= What is being asked =
Answer with one number: the count of lines in the listing below that hold the word "section".

= Task data =
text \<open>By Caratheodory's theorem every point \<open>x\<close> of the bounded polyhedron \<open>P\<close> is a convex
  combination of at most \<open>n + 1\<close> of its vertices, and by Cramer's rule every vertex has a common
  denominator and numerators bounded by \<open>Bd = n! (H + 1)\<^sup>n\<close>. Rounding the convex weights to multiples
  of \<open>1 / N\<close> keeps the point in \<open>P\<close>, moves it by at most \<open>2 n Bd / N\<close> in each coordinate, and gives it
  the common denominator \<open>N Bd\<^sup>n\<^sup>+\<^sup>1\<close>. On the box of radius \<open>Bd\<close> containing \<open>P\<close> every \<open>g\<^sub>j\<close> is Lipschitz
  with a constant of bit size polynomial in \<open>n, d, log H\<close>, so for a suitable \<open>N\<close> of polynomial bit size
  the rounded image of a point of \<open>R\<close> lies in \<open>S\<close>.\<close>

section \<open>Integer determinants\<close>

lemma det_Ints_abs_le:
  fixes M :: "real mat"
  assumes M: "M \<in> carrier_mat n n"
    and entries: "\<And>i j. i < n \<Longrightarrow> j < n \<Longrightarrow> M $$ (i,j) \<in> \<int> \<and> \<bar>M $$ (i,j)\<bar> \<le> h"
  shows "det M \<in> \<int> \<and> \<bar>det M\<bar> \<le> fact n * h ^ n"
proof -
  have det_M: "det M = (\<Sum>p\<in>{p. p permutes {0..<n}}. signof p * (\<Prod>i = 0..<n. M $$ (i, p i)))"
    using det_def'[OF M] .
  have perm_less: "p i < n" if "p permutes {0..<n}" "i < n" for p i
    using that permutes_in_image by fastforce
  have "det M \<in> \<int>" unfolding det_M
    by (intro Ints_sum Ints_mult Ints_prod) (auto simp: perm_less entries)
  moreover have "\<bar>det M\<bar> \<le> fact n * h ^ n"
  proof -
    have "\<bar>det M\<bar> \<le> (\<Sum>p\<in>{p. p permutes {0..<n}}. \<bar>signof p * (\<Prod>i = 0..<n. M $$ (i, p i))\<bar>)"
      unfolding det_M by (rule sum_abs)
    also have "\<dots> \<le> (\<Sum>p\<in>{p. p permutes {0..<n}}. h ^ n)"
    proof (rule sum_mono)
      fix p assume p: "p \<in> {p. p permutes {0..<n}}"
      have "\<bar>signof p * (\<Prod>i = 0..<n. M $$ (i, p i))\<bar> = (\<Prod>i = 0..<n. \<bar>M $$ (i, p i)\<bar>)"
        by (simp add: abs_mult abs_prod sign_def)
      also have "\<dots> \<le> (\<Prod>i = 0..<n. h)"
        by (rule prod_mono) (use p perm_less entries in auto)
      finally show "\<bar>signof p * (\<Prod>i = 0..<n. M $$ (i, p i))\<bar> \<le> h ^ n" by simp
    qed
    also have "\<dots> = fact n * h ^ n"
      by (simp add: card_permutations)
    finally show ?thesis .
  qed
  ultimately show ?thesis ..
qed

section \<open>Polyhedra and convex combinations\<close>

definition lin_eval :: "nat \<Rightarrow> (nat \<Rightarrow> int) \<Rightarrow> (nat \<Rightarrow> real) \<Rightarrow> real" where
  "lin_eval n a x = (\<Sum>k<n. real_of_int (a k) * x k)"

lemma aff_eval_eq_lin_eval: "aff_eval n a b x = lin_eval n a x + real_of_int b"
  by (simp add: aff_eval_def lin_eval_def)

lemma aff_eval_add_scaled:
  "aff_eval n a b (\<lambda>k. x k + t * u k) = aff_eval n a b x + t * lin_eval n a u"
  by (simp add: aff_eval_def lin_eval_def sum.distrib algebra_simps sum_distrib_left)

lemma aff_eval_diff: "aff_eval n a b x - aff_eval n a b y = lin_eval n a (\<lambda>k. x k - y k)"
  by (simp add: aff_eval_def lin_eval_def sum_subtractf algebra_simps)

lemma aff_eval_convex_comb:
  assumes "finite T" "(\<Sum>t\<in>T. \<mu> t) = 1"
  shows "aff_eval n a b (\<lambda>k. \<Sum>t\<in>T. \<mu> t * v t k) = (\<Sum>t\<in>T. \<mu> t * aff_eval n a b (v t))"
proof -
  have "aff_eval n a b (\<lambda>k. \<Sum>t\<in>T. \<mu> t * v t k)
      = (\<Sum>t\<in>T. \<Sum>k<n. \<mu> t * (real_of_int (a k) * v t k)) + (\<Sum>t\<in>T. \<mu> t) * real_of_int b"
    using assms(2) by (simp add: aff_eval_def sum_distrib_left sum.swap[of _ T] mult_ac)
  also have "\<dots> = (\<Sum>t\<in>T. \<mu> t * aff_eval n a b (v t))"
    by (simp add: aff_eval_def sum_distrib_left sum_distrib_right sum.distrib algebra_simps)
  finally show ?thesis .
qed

= Solution for this problem =
2